(TASK GOAL): Every line of the data should be output word for word.

(SUPPLIED RECORDS):
★ ★ ★ ★ ★ ★ ★

lemma phi_transitive:
  assumes "in_T \<xi>" "in_T \<xi>'"
  shows "\<exists>X. in_G X \<and> phi X \<xi> = \<xi>'"
proof -
  obtain PB vB bB T p where \<xi>: "\<xi> = (PB, vB, bB, T, p)"
    by (cases \<xi>) auto
  obtain PB' vB' bB' T' p' where \<xi>': "\<xi>' = (PB', vB', bB', T', p')"
    by (cases \<xi>') auto
  define M M' where "M = se3_mul PB T" and "M' = se3_mul PB' T'"
  have PB: "is_se3 PB" and T: "is_se3 T" and p: "\<And>i. se3_act (se3_inv M) (p i) \<noteq> 0"
    using assms(1) by (auto simp: \<xi> M_def in_T_iff)
  have PB': "is_se3 PB'" and T': "is_se3 T'" and p': "\<And>i. se3_act (se3_inv M') (p' i) \<noteq> 0"
    using assms(2) by (auto simp: \<xi>' M'_def in_T_iff)
  define PA where "PA = se3_mul (se3_inv PB) PB'"
  define A where "A = (fst PA, snd PA, transpose (fst PB) *v (vB' - vB))"
  define B where "B = se3_mul (se3_inv T) (se3_mul PA T')"
  have "\<forall>i. \<exists>q. is_sot3 q \<and> sot3_inv_act q (se3_act (se3_inv M) (p i)) = se3_act (se3_inv M') (p' i)"
    by (metis sot3_inv_act_transitive p p')
  then obtain Q where Q: "\<And>i. is_sot3 (Q i)"
    and y: "\<And>i. sot3_inv_act (Q i) (se3_act (se3_inv M) (p i)) = se3_act (se3_inv M') (p' i)"
    by metis
  have PA: "is_se3 PA" and B: "is_se3 B" and M': "is_se3 M'"
    using PB PB' T T' by (simp_all add: PA_def B_def M'_def is_se3_mul is_se3_inv)
  have "in_G (A, bB' - bB, B, Q)"
    using PA B Q by (simp add: in_G_iff A_def is_se23_def is_se3_def)
  moreover have "phi (A, bB' - bB, B, Q) \<xi> = \<xi>'"
  proof -
    have PB_PA: "se3_mul PB PA = PB'"
      using PB by (simp add: PA_def se3_inv_cancel_right)
    moreover have "se3_mul (se3_mul (se3_inv PA) T) B = T'"
      using T PA by (simp add: B_def se3_mul_assoc se3_inv_cancel_right se3_inv_cancel_left)
    moreover have "se3_mul (se3_mul PB T) B = M'"
      using T by (simp add: B_def M'_def se3_mul_assoc se3_inv_cancel_right PB_PA
          flip: se3_mul_assoc[of PB PA T'])
    moreover have "vB + fst PB *v (transpose (fst PB) *v (vB' - vB)) = vB'"
      using PB by (simp add: is_se3_def SO3_transpose_cancel_right)
    ultimately show ?thesis
      using PB by (simp add: \<xi> \<xi>' phi_eq A_def se23_P_def se23_v_def y
          se3_act_inv_cancel_right[OF M'] flip: M_def)
  qed
  ultimately show ?thesis by blast
qed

★ ★ ★ ★ ★ ★ ★

(WRITTEN SOLUTION):
lemma phi_transitive:
  assumes "in_T \<xi>" "in_T \<xi>'"
  shows "\<exists>X. in_G X \<and> phi X \<xi> = \<xi>'"
proof -
  obtain PB vB bB T p where \<xi>: "\<xi> = (PB, vB, bB, T, p)"
    by (cases \<xi>) auto
  obtain PB' vB' bB' T' p' where \<xi>': "\<xi>' = (PB', vB', bB', T', p')"
    by (cases \<xi>') auto
  define M M' where "M = se3_mul PB T" and "M' = se3_mul PB' T'"
  have PB: "is_se3 PB" and T: "is_se3 T" and p: "\<And>i. se3_act (se3_inv M) (p i) \<noteq> 0"
    using assms(1) by (auto simp: \<xi> M_def in_T_iff)
  have PB': "is_se3 PB'" and T': "is_se3 T'" and p': "\<And>i. se3_act (se3_inv M') (p' i) \<noteq> 0"
    using assms(2) by (auto simp: \<xi>' M'_def in_T_iff)
  define PA where "PA = se3_mul (se3_inv PB) PB'"
  define A where "A = (fst PA, snd PA, transpose (fst PB) *v (vB' - vB))"
  define B where "B = se3_mul (se3_inv T) (se3_mul PA T')"
  have "\<forall>i. \<exists>q. is_sot3 q \<and> sot3_inv_act q (se3_act (se3_inv M) (p i)) = se3_act (se3_inv M') (p' i)"
    by (metis sot3_inv_act_transitive p p')
  then obtain Q where Q: "\<And>i. is_sot3 (Q i)"
    and y: "\<And>i. sot3_inv_act (Q i) (se3_act (se3_inv M) (p i)) = se3_act (se3_inv M') (p' i)"
    by metis
  have PA: "is_se3 PA" and B: "is_se3 B" and M': "is_se3 M'"
    using PB PB' T T' by (simp_all add: PA_def B_def M'_def is_se3_mul is_se3_inv)
  have "in_G (A, bB' - bB, B, Q)"
    using PA B Q by (simp add: in_G_iff A_def is_se23_def is_se3_def)
  moreover have "phi (A, bB' - bB, B, Q) \<xi> = \<xi>'"
  proof -
    have PB_PA: "se3_mul PB PA = PB'"
      using PB by (simp add: PA_def se3_inv_cancel_right)
    moreover have "se3_mul (se3_mul (se3_inv PA) T) B = T'"
      using T PA by (simp add: B_def se3_mul_assoc se3_inv_cancel_right se3_inv_cancel_left)
    moreover have "se3_mul (se3_mul PB T) B = M'"
      using T by (simp add: B_def M'_def se3_mul_assoc se3_inv_cancel_right PB_PA
          flip: se3_mul_assoc[of PB PA T'])
    moreover have "vB + fst PB *v (transpose (fst PB) *v (vB' - vB)) = vB'"
      using PB by (simp add: is_se3_def SO3_transpose_cancel_right)
    ultimately show ?thesis
      using PB by (simp add: \<xi> \<xi>' phi_eq A_def se23_P_def se23_v_def y
          se3_act_inv_cancel_right[OF M'] flip: M_def)
  qed
  ultimately show ?thesis by blast
qed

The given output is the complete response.